Kate Bliss (born 1975) is an English antiques expert and television presenter.

She has appeared on the BBC's Bargain Hunt, Flog It! and Secret Dealers, and has presented Put Your Money Where Your Mouth Is. Bliss specialises in jewellery and silver, and is a fellow of the Great Britain Gemmological Association.

Early life
Bliss was born Kate Alcock in 1975 in Herefordshire, she grew up in Hampton Bishop and later Dorstone. Educated at Hereford Cathedral School, she then read English Literature at Brasenose College, University of Oxford before studying fine art.

Career
A member of the Royal Institution of Chartered Surveyors, having previously worked for her father's valuation and auction business, she joined Brightwells Auctioneers and Valuers. She then joined Philip Serrell's auction business. In light of her growing young family, Bliss currently runs her own Fine Art Valuation business, and works in association with a number of auction houses as a jewellery and silver expert, including Charles Hanson's business.

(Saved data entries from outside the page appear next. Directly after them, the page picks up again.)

(* Let $\gamma_1,\gamma_2>0$ and consider the birth-death chain RDS $(\theta,\varphi)$ on $\mathbb{N}_0$ described in the context. Let $W_0=\{0,2,4,\dots\}$ and $W_1=\{1,3,5,\dots\}$. Then $(\theta,\varphi)$ is partially synchronizing with partition $\{W_0,W_1\}$: for each $i\in\{0,1\}$ and all $x,y\in W_i$, for $\mathbb{P}$-a.e. $q\in\mathcal{Q}_+$ there exists $n_0=n_0(x,y,q)\in\mathbb{N}_0$ with $\varphi^{n_0}_q(x)=\varphi^{n_0}_q(y)$.
   Context: Noise space: $\mathcal{Q}_+=\{q=(q_n)_{n\in\mathbb{N}_0}: q_n\in[0,1]\}$ with the product Borel $\sigma$-algebra and the product measure $\mathbb{P}=\lambda^{\mathbb{N}_0}$, $\lambda$ Lebesgue measure on $[0,1]$; shift $\theta(q_0,q_1,\dots)=(q_1,q_2,\dots)$. For $q\in\mathcal{Q}_+$ define $f_q:\mathbb{N}_0\to\mathbb{N}_0$ by $f_q(x)=x+1$ if $q_0<\frac{\gamma_1}{\gamma_1+\gamma_2x}$ and $f_q(x)=x-1$ otherwise. The cocycle is $\varphi^0_q(x)=x$ and $\varphi^n_q(x)=f_{\theta^{n-1}q}\circ\cdots\circ f_q(x)$ for $n\geq1$. An RDS is called synchronizing in $S$ if for every $x,y\in S$ and $\mathbb{P}$-a.e. $q$ there is $n_0$ with $\varphi^{n_0}_q(x)=\varphi^{n_0}_q(y)$; it is partially synchronizing with partition $\{W_0,\dots,W_{p-1}\}$ of the state space if it is synchronizing in each $W_i$. *)

theory Defs
  imports "HOL-Probability.Probability"
begin

definition noise_measure :: "(nat \<Rightarrow> real) measure" where
  "noise_measure = Pi\<^sub>M UNIV (\<lambda>_. restrict_space lborel {0..1::real})"

definition shift :: "(nat \<Rightarrow> real) \<Rightarrow> (nat \<Rightarrow> real)" where
  "shift q = (\<lambda>n. q (Suc n))"

text \<open>One step of the birth-death chain (x - 1 is truncated subtraction on nat;
  it only matters at x = 0 on the null event q_0 = 1).\<close>
definition bd_step :: "real \<Rightarrow> real \<Rightarrow> (nat \<Rightarrow> real) \<Rightarrow> nat \<Rightarrow> nat" where
  "bd_step g1 g2 q x = (if q 0 < g1 / (g1 + g2 * real x) then x + 1 else x - 1)"

fun bd_cocycle :: "real \<Rightarrow> real \<Rightarrow> nat \<Rightarrow> (nat \<Rightarrow> real) \<Rightarrow> nat \<Rightarrow> nat" where
  "bd_cocycle g1 g2 0 q x = x"
| "bd_cocycle g1 g2 (Suc n) q x = bd_step g1 g2 ((shift ^^ n) q) (bd_cocycle g1 g2 n q x)"

definition synchronizing_in ::
  "'q measure \<Rightarrow> (nat \<Rightarrow> 'q \<Rightarrow> 's \<Rightarrow> 's) \<Rightarrow> 's set \<Rightarrow> bool" where
  "synchronizing_in M \<phi> S \<longleftrightarrow>
     (\<forall>x\<in>S. \<forall>y\<in>S. AE q in M. \<exists>n0. \<phi> n0 q x = \<phi> n0 q y)"

definition partially_synchronizing ::
  "'q measure \<Rightarrow> (nat \<Rightarrow> 'q \<Rightarrow> 's \<Rightarrow> 's) \<Rightarrow> 's set set \<Rightarrow> bool" where
  "partially_synchronizing M \<phi> P \<longleftrightarrow>
     \<Union>P = UNIV \<and> {} \<notin> P \<and> (\<forall>A\<in>P. \<forall>B\<in>P. A \<noteq> B \<longrightarrow> A \<inter> B = {}) \<and>
     (\<forall>W\<in>P. synchronizing_in M \<phi> W)"

end

(*
  Two copies of the chain driven by the same noise stay ordered and keep the parity of
  their sum: every step changes the parity of the state (at 0 the up-probability is 1),
  two distinct states of equal parity differ by at least 2, and the up-probability
  decreases with the state.  So it suffices that the upper copy almost surely enters
  {0, 1}: at that moment the lower copy, being no larger and of the same parity,
  coincides with it.  Entering {0, 1} follows from a Foster-Lyapunov argument: a
  nonnegative V whose expectation drops by at least 1 per step taken in {2, 3, ...}
  bounds the expected number of such steps by V of the starting state.
*)
theory Submission
  imports Defs
begin

(* Recursion on the first noise variable, so that first-step analysis applies directly;
   noise_walk_Suc' is the forward recursion x_(n+1) = f (q n) x_n. *)
fun noise_walk :: "('a \<Rightarrow> 's \<Rightarrow> 's) \<Rightarrow> nat \<Rightarrow> (nat \<Rightarrow> 'a) \<Rightarrow> 's \<Rightarrow> 's" where
  "noise_walk f 0 q x = x"
| "noise_walk f (Suc n) q x = noise_walk f n (q \<circ> Suc) (f (q 0) x)"

lemma noise_walk_Suc': "noise_walk f (Suc n) q x = f (q n) (noise_walk f n q x)"
proof (induction n arbitrary: q x)
  case (Suc n)
  have "noise_walk f (Suc (Suc n)) q x = noise_walk f (Suc n) (q \<circ> Suc) (f (q 0) x)"
    by (rule noise_walk.simps(2))
  also have "\<dots> = f ((q \<circ> Suc) n) (noise_walk f n (q \<circ> Suc) (f (q 0) x))"
    by (rule Suc.IH)
  also have "\<dots> = f (q (Suc n)) (noise_walk f (Suc n) q x)"
    by simp
  finally show ?case .
qed simp

lemma noise_walk_preserves:
  assumes "\<And>t a b. t \<in> A \<Longrightarrow> R a b \<Longrightarrow> R (f t a) (f t b)"
    and "\<forall>j. q j \<in> A" and "R x y"
  shows "R (noise_walk f n q x) (noise_walk f n q y)"
  using assms(2,3) by (induction n arbitrary: q x y) (simp_all add: assms(1))

context sequence_space
begin

lemma emeasure_Collect_case_nat:
  assumes [measurable]: "Measurable.pred S P"
  shows "emeasure S {q\<in>space S. P q} = (\<integral>\<^sup>+t. emeasure S {q\<in>space S. P (case_nat t q)} \<partial>M)"
proof -
  have case_nat_measurable[measurable]: "(\<lambda>(t, q). case_nat t q) \<in> M \<Otimes>\<^sub>M S \<rightarrow>\<^sub>M S"
    by (simp add: split_beta')
  have "emeasure S {q\<in>space S. P q} =
      emeasure (distr (M \<Otimes>\<^sub>M S) S (\<lambda>(t, q). case_nat t q)) {q\<in>space S. P q}"
    by (simp add: PiM_iter)
  also have "\<dots> = emeasure (M \<Otimes>\<^sub>M S) {x\<in>space (M \<Otimes>\<^sub>M S). P (case_nat (fst x) (snd x))}"
    using measurable_space[OF case_nat_measurable]
    by (subst emeasure_distr) (auto intro!: arg_cong2[where f=emeasure])
  also have "\<dots> = (\<integral>\<^sup>+t. emeasure S {q\<in>space S. P (case_nat t q)} \<partial>M)"
    by (subst P.emeasure_pair_measure_alt)
      (auto intro!: nn_integral_cong arg_cong2[where f=emeasure] simp: space_pair_measure)
  finally show ?thesis .
qed

lemma measurable_noise_walk[measurable]:
  fixes f :: "'a \<Rightarrow> 's::countable \<Rightarrow> 's"
  assumes f: "\<And>x. (\<lambda>t. f t x) \<in> M \<rightarrow>\<^sub>M count_space UNIV"
  shows "(\<lambda>q. noise_walk f n q x) \<in> S \<rightarrow>\<^sub>M count_space UNIV"
proof (induction n)
  case (Suc n)
  have "(\<lambda>q. f (q n) i) \<in> S \<rightarrow>\<^sub>M count_space UNIV" for i
    using measurable_compose[OF measurable_component_singleton[of n UNIV] f] by simp
  then show ?case
    unfolding noise_walk_Suc'
    by (rule measurable_compose_countable'[where f="\<lambda>i q. f (q n) i", OF _ Suc]) simp
qed simp

definition walk_stays :: "('a \<Rightarrow> 's \<Rightarrow> 's) \<Rightarrow> 's set \<Rightarrow> nat \<Rightarrow> 's \<Rightarrow> (nat \<Rightarrow> 'a) set" where
  "walk_stays f W n x = {q\<in>space S. \<forall>m\<le>n. noise_walk f m q x \<in> W}"

lemma walk_stays_sets:
  fixes f :: "'a \<Rightarrow> 's::countable \<Rightarrow> 's"
  assumes "\<And>x. (\<lambda>t. f t x) \<in> M \<rightarrow>\<^sub>M count_space UNIV"
  shows "walk_stays f W n x \<in> sets S"
  unfolding walk_stays_def using assms by measurable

Bliss made her television debut after being spotted by the crew of Bargain Hunt, when they were on a visit to Brightwells auction house filming an episode. She then became an antiques expert on the programme, and later made appearances on Flog It! and Secret Dealers. Bliss has presented Put Your Money Where Your Mouth Is.

Personal life
Married to Jonathan Bliss since 2005, the couple have two children.

Bliss is a talented pianist having performed in her early teenage years at Dorstone parish church Herefordshire - this was reported in the local church magazine July 1989.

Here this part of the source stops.